#### Supplied information ####

(* Consider the semi-discrete SBP-FDEC scheme for the two-dimensional transverse electric Maxwell equations on a periodic Cartesian grid described in the context, i.e. the linear ODE system $$\frac{d}{dt}\overline{E}^x=\Delta_y B,\qquad \frac{d}{dt}\overline{E}^y=-\Delta_x B,\qquad \hat M\,\frac{d}{dt}B=\Delta_x^T K^y\,\overline{E}^y-\Delta_y^T K^x\,\overline{E}^x .$$ Let a sequence of approximations $(\overline{E}^x_n,\overline{E}^y_n,B_n)$, $n=0,1,2,\dots$, at times $t_n$ be produced from initial data at $t_0$ either (i) by one-step updates of an arbitrary $s$-stage Runge–Kutta method applied to this ODE system, or (ii) by the Crank–Nicolson method $$\overline{E}^x_{n+1}-\overline{E}^x_n=\tfrac{\Delta t}{2}\Delta_y(B_{n+1}+B_n),\quad \overline{E}^y_{n+1}-\overline{E}^y_n=-\tfrac{\Delta t}{2}\Delta_x(B_{n+1}+B_n),$$ $$\hat M(B_{n+1}-B_n)=\tfrac{\Delta t}{2}\big(\Delta_x^TK^y(\overline{E}^y_{n+1}+\overline{E}^y_n)-\Delta_y^TK^x(\overline{E}^x_{n+1}+\overline{E}^x_n)\big).$$ Then in both cases the discrete divergence of the electric field is preserved exactly: $\operatorname{div}_h(\overline{E}^x_{n+1},\overline{E}^y_{n+1})=\operatorname{div}_h(\overline{E}^x_n,\overline{E}^y_n)$ for all $n$. In particular, if the discrete divergence is $0$ at $t_0$, it is $0$ at all time steps $t_n$.
   Context: Setting. A one-dimensional diagonal-norm SBP finite difference operator on $N+1$ nodes is given by a derivative matrix $D\in\mathbb{R}^{(N+1)\times(N+1)}$ (with $D\mathbf{1}=0$ and rank $N$) and a norm matrix $M=\operatorname{diag}(\omega_0,\dots,\omega_N)$ with $\omega_i>0$, satisfying $MD+D^TM=\operatorname{diag}(-1,0,\dots,0,1)$. Define the histopolation Vandermonde matrix $V\in\mathbb{R}^{(N+1)\times N}$ by $V_{k,i}=-\sum_{j=0}^{i-1}D_{k,j}$ ($k=0,\dots,N$, $i=1,\dots,N$), and $\tilde\omega_0=\omega_0+\omega_N$, $\tilde\omega_i=\omega_i$ for $1\le i\le N-1$. The domain is a periodic rectangle partitioned into $m_x\times m_y$ congruent rectangular elements of size $\Delta x\times\Delta y$, each carrying the tensor grid of the reference operator; adjacent elements share boundary nodes. Let $n_x=m_xN$, $n_y=m_yN$. Global $x$-nodes are indexed by $p\in\mathbb{Z}_{n_x}$ (node $p=eN+i$ is local node $i\in\{0,\dots,N-1\}$ of $x$-element $e$); global $x$-edges are also indexed by $\mathbb{Z}_{n_x}$, edge $p$ being the sub-interval between nodes $p-1$ and $p$; similarly in $y$ with $\mathbb{Z}_{n_y}$. Indices are taken modulo $n_x$, $n_y$. Unknowns: $B=(B_{p,q})$ with $p$ an $x$-node and $q$ a $y$-node (nodal values of $B^z$); $\overline{E}^x=(\overline{E}^x_{p,q})$ with $p$ an $x$-node and $q$ a $y$-edge (line integrals of $E^x$); $\overline{E}^y=(\overline{E}^y_{p,q})$ with $p$ an $x$-edge and $q$ a $y$-node. Difference operators: $(\Delta_yB)_{p,q}=B_{p,q}-B_{p,q-1}$, $(\Delta_xB)_{p,q}=B_{p,q}-B_{p-1,q}$; $\Delta_x^T,\Delta_y^T$ are their transposes with respect to the Euclidean inner products on these index sets. Discrete divergence (indexed by $x$-edge $p$, $y$-edge $q$): $\operatorname{div}_h(\overline{E}^x,\overline{E}^y)_{p,q}=\overline{E}^x_{p,q}-\overline{E}^x_{p-1,q}+\overline{E}^y_{p,q}-\overline{E}^y_{p,q-1}$. Mass matrices: $\hat M$ is diagonal with entry $\Delta x\Delta y\,\tilde\omega_{i}\tilde\omega_{j}$ at $(p,q)$, where $i,j$ are the local indices of $p,q$. $K^x$ is the symmetric matrix with $(\overline{E}^x)^TK^x\overline{E}^x=\frac{\Delta x}{\Delta y}\sum_{p}\sum_{f=0}^{m_y-1}\tilde\omega_{i(p)}\,e_{p,f}^TV^TMVe_{p,f}$, where $e_{p,f}=(\overline{E}^x_{p,fN+1},\dots,\overline{E}^x_{p,fN+N})^T$ and $i(p)$ is the local index of $p$; $K^y$ is defined analogously with the roles of $x$ and $y$ exchanged (factor $\frac{\Delta y}{\Delta x}$, histopolation in $x$, weights $\tilde\omega$ in $y$). *)

theory Defs
  imports "Jordan_Normal_Form.DL_Rank"
begin

text \<open>Reference 1D diagonal-norm SBP operator: derivative matrix D (indices 0..N) and
  norm weights om (indices 0..N).  Matrices are represented as functions nat => nat => real.\<close>

definition Dmat :: "nat \<Rightarrow> (nat \<Rightarrow> nat \<Rightarrow> real) \<Rightarrow> real mat" where
  "Dmat N D = mat (N+1) (N+1) (\<lambda>(i,j). D i j)"

definition is_sbp :: "nat \<Rightarrow> (nat \<Rightarrow> nat \<Rightarrow> real) \<Rightarrow> (nat \<Rightarrow> real) \<Rightarrow> bool" where
  "is_sbp N D om \<longleftrightarrow>
     N \<ge> 1 \<and>
     (\<forall>k\<le>N. (\<Sum>j\<le>N. D k j) = 0) \<and>
     vec_space.rank (N+1) (Dmat N D) = N \<and>
     (\<forall>i\<le>N. om i > 0) \<and>
     (\<forall>i\<le>N. \<forall>j\<le>N. om i * D i j + D j i * om j =
        (if i = j \<and> i = 0 then -1 else if i = j \<and> i = N then 1 else 0))"

definition Vh :: "(nat \<Rightarrow> nat \<Rightarrow> real) \<Rightarrow> nat \<Rightarrow> nat \<Rightarrow> real" where
  "Vh D k i = - (\<Sum>j<i. D k j)"

definition Gm :: "nat \<Rightarrow> (nat \<Rightarrow> nat \<Rightarrow> real) \<Rightarrow> (nat \<Rightarrow> real) \<Rightarrow> nat \<Rightarrow> nat \<Rightarrow> real" where
  "Gm N D om a b = (\<Sum>k\<le>N. Vh D k a * om k * Vh D k b)"

definition omt :: "nat \<Rightarrow> (nat \<Rightarrow> real) \<Rightarrow> nat \<Rightarrow> real" where
  "omt N om i = (if i = 0 then om 0 + om N else om i)"

text \<open>Grid functions: nat => nat => real, only entries with p < n_x, q < n_y matter;
  all index arithmetic is modulo n_x resp. n_y.\<close>
type_synonym gridfun = "nat \<Rightarrow> nat \<Rightarrow> real"

definition prv :: "nat \<Rightarrow> nat \<Rightarrow> nat" where "prv n p = (p + n - 1) mod n"
definition nxt :: "nat \<Rightarrow> nat \<Rightarrow> nat" where "nxt n p = (p + 1) mod n"

text \<open>Local index of an edge p (edges of element f are fN+1,...,fN+N) and its element.\<close>
definition edge_loc :: "nat \<Rightarrow> nat \<Rightarrow> nat" where
  "edge_loc N p = (if p mod N = 0 then N else p mod N)"
definition edge_elt :: "nat \<Rightarrow> nat \<Rightarrow> nat \<Rightarrow> nat" where
  "edge_elt N n p = ((p + n - edge_loc N p) mod n) div N"

definition Dy :: "nat \<Rightarrow> gridfun \<Rightarrow> gridfun" where
  "Dy ny B p q = B p q - B p (prv ny q)"
definition Dx :: "nat \<Rightarrow> gridfun \<Rightarrow> gridfun" where
  "Dx nx B p q = B p q - B (prv nx p) q"
definition DyT :: "nat \<Rightarrow> gridfun \<Rightarrow> gridfun" where
  "DyT ny v p q = v p q - v p (nxt ny q)"
definition DxT :: "nat \<Rightarrow> gridfun \<Rightarrow> gridfun" where
  "DxT nx w p q = w p q - w (nxt nx p) q"

definition divh :: "nat \<Rightarrow> nat \<Rightarrow> gridfun \<Rightarrow> gridfun \<Rightarrow> gridfun" where
  "divh nx ny Fx Fy p q = Fx p q - Fx (prv nx p) q + Fy p q - Fy p (prv ny q)"

definition Mhat :: "nat \<Rightarrow> (nat \<Rightarrow> real) \<Rightarrow> real \<Rightarrow> real \<Rightarrow> nat \<Rightarrow> nat \<Rightarrow> real" where
  "Mhat N om dx dy p q = dx * dy * omt N om (p mod N) * omt N om (q mod N)"

definition Kx :: "nat \<Rightarrow> nat \<Rightarrow> (nat \<Rightarrow> nat \<Rightarrow> real) \<Rightarrow> (nat \<Rightarrow> real) \<Rightarrow> real \<Rightarrow> real
     \<Rightarrow> gridfun \<Rightarrow> gridfun" where
  "Kx N ny D om dx dy E p q = dx / dy * omt N om (p mod N) *
     (\<Sum>k=1..N. Gm N D om (edge_loc N q) k * E p ((edge_elt N ny q * N + k) mod ny))"

definition Ky :: "nat \<Rightarrow> nat \<Rightarrow> (nat \<Rightarrow> nat \<Rightarrow> real) \<Rightarrow> (nat \<Rightarrow> real) \<Rightarrow> real \<Rightarrow> real
     \<Rightarrow> gridfun \<Rightarrow> gridfun" where
  "Ky N nx D om dx dy E p q = dy / dx * omt N om (q mod N) *
     (\<Sum>k=1..N. Gm N D om (edge_loc N p) k * E ((edge_elt N nx p * N + k) mod nx) q)"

####

* _Activity_: Lines that include the word "else" are to be extracted from the data above.

* _Answer section_:
        (if i = j \<and> i = 0 then -1 else if i = j \<and> i = N then 1 else 0))"
  "omt N om i = (if i = 0 then om 0 + om N else om i)"
  "edge_loc N p = (if p mod N = 0 then N else p mod N)"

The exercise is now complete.